Question

The temperature of 5 moles of an ideal gas increases by 20 K.
Given:
$C_{p} = 9 \text{ cal mol}^{-1}\text{K}^{-1}$, $R = 2 \text{ cal mol}^{-1}\text{K}^{-1}$
The change in internal energy of the gas is:

• A. 500 cal
• B. 700 cal
• C. 800 cal
• D. 900 cal

Hint:

A key property of an ideal gas is that its internal energy is a function of temperature only. Therefore, the formula $\Delta U = nC_v\Delta T$ is valid for *any* process (isobaric, isochoric, isothermal, adiabatic, etc.), not just for a constant volume process.
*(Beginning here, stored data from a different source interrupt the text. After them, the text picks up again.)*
theorem mainTheorem2:
  fixes M :: "'w measure" and X :: "'w \<Rightarrow> 'a set" and d :: "'w \<Rightarrow> 'a \<Rightarrow> 'a \<Rightarrow> real"
    and L :: "('w \<Rightarrow> 'a) set" and xs :: "nat \<Rightarrow> 'w \<Rightarrow> 'a"
  assumes metric: "\<And>w. w \<in> space M \<Longrightarrow> Metric_space (X w) (d w)"
    and L_sub: "L \<subseteq> sections M X"
    and a: "\<And>x y. x \<in> L \<Longrightarrow> y \<in> L \<Longrightarrow> (\<lambda>w. d w (x w) (y w)) \<in> borel_measurable M"
    and c_L: "\<And>n. xs n \<in> L"
    and c_dense: "\<And>w. w \<in> space M \<Longrightarrow>
        Metric_space.mtopology (X w) (d w) closure_of (range (\<lambda>n. xs n w)) = X w"
  shows "((\<forall>y\<in>sections M X. (\<forall>x\<in>L. (\<lambda>w. d w (x w) (y w)) \<in> borel_measurable M) \<longrightarrow> y \<in> L)
           \<longleftrightarrow> (closed_under_pointwise_limits M X d L \<and> closed_under_countable_gluing M X L))
       \<and> ((closed_under_pointwise_limits M X d L \<and> closed_under_countable_gluing M X L)
           \<longleftrightarrow> (closed_under_pointwise_limits M X d L \<and> closed_under_finite_gluing M X L))"
proof -
  interpret field_of_metric_spaces M X d
    using metric by (rule field_of_metric_spaces.intro)
  have "determined_by_distances M X d L \<Longrightarrow>
        closed_under_pointwise_limits M X d L \<and> closed_under_countable_gluing M X L"
    using limits_closed_if_determined[OF L_sub a] countable_gluing_if_determined[OF a] by blast
  moreover have "closed_under_countable_gluing M X L \<Longrightarrow> closed_under_finite_gluing M X L"
    using finite_gluing_if_countable_gluing c_L by blast
  moreover have "closed_under_pointwise_limits M X d L \<Longrightarrow> closed_under_finite_gluing M X L \<Longrightarrow>
        determined_by_distances M X d L"
    using determined_if_limits_and_finite_gluing[OF L_sub c_L c_dense] by blast
  ultimately show ?thesis unfolding determined_by_distances_def by blast
qed
lemma card_permutations_of_multiset_matching:
  fixes ps :: "'a option list"
  defines "F \<equiv> mset ([x. Some x \<leftarrow> ps])"
  assumes length: "length ps = size A"
  shows "card {w \<in> permutations_of_multiset A. matches_pattern ps w}
       = (if F \<subseteq># A then card (permutations_of_multiset (A - F)) else 0)"
  using length unfolding F_def
proof (induction ps arbitrary: A)
  case Nil
  then show ?case by simp
next
  case (Cons p ps)
  let ?F = "mset ([x. Some x \<leftarrow> ps])"
  let ?count = "\<lambda>A. if ?F \<subseteq># A then card (permutations_of_multiset (A - ?F)) else 0"
  have split: "{w \<in> permutations_of_multiset A. matches_pattern (p # ps) w}
      = (\<Union>x\<in>set_mset A. (#) x ` {u \<in> permutations_of_multiset (A - {#x#}).
                                     matches_pattern ps u \<and> (p = None \<or> p = Some x)})"
    by (fastforce simp: permutations_of_multiset_Cons_iff matches_pattern_Cons)
  have "card {w \<in> permutations_of_multiset A. matches_pattern (p # ps) w}
      = (\<Sum>x\<in>set_mset A. card {u \<in> permutations_of_multiset (A - {#x#}).
                                   matches_pattern ps u \<and> (p = None \<or> p = Some x)})"
    unfolding split by (subst card_UN_disjoint) (auto simp: card_image)
  also have "\<dots> = (\<Sum>x\<in>set_mset A. if p = None \<or> p = Some x then ?count (A - {#x#}) else 0)"
    using Cons.prems by (intro sum.cong refl) (simp add: Cons.IH size_Diff_singleton)
  also have "\<dots> = (if mset [x. Some x \<leftarrow> p # ps] \<subseteq># A
                    then card (permutations_of_multiset (A - mset [x. Some x \<leftarrow> p # ps])) else 0)"
  proof (cases p)
    case None
    show ?thesis
    proof (cases "?F \<subseteq># A")
      case True
      have "size ?F \<le> length ps"
        by (induction ps rule: list.induct) (auto split: option.split)
      then have "size (A - ?F) > 0"
        using True Cons.prems by (simp add: size_Diff_submset)
      then have "A - ?F \<noteq> {#}"
        by auto
      have "(\<Sum>x\<in>set_mset A. ?count (A - {#x#}))
          = (\<Sum>x\<in>set_mset A. if x \<in># A - ?F then card (permutations_of_multiset (A - ?F - {#x#})) else 0)"
        using True by (intro sum.cong refl) (simp add: subset_mset_diff_single_iff diff_right_commute)
      also have "\<dots> = (\<Sum>x\<in>set_mset (A - ?F).
                           if x \<in># A - ?F then card (permutations_of_multiset (A - ?F - {#x#})) else 0)"
        by (rule sum.mono_neutral_right) (auto dest: in_diffD)
      also have "\<dots> = (\<Sum>x\<in>set_mset (A - ?F). card (permutations_of_multiset (A - ?F - {#x#})))"
        by simp
      also have "\<dots> = card (permutations_of_multiset (A - ?F))"
        by (rule sum_card_permutations_of_multiset_remove) fact
      finally show ?thesis using None True by simp
    next
      case False
      then have "\<not> ?F \<subseteq># A - {#x#}" for x
        by (meson diff_subset_eq_self subset_mset.order_trans)
      then show ?thesis using None False by simp
    qed
  next
    case (Some y)
    have "(\<Sum>x\<in>set_mset A. if x = y then ?count (A - {#x#}) else 0) = (if y \<in># A then ?count (A - {#y#}) else 0)"
      by simp
    then show ?thesis using Some by (simp add: insert_subset_eq_iff)
  qed
  finally show ?case .
qed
You only need the initial and final temperatures.

Answer 1

The Correct Option is B

Step 1: Understanding the Question:
We need to calculate the change in internal energy ($\Delta U$) for an ideal gas given the number of moles, the temperature change, the molar heat capacity at constant pressure ($C_p$), and the universal gas constant ($R$).
Step 2: Key Formula or Approach:
1. The change in internal energy for any process of an ideal gas depends only on the temperature change and is given by:
$\Delta U = n C_{v} \Delta T$
where $n$ is the number of moles, $C_v$ is the molar heat capacity at constant volume, and $\Delta T$ is the change in temperature.
2. For an ideal gas, the relationship between $C_p$ and $C_v$ is given by Mayer's relation:
$C_{p} - C_{v} = R$
Step 3: Detailed Explanation:
Given values:
Number of moles, $n = 5$ mol
Change in temperature, $\Delta T = 20$ K
$C_{p} = 9 \text{ cal mol}^{-1}\text{K}^{-1}$
$R = 2 \text{ cal mol}^{-1}\text{K}^{-1}$
First, we need to find the molar heat capacity at constant volume, $C_v$. Using Mayer's relation:
\[ C_{v} = C_{p} - R \] \[ C_{v} = 9 - 2 = 7 \text{ cal mol}^{-1}\text{K}^{-1} \] Now, we can calculate the change in internal energy, $\Delta U$:
\[ \Delta U = n C_{v} \Delta T \] \[ \Delta U = (5 \text{ mol}) \times (7 \text{ cal mol}^{-1}\text{K}^{-1}) \times (20 \text{ K}) \] \[ \Delta U = 35 \times 20 = 700 \text{ cal} \] Step 4: Final Answer:
The change in internal energy of the gas is 700 cal.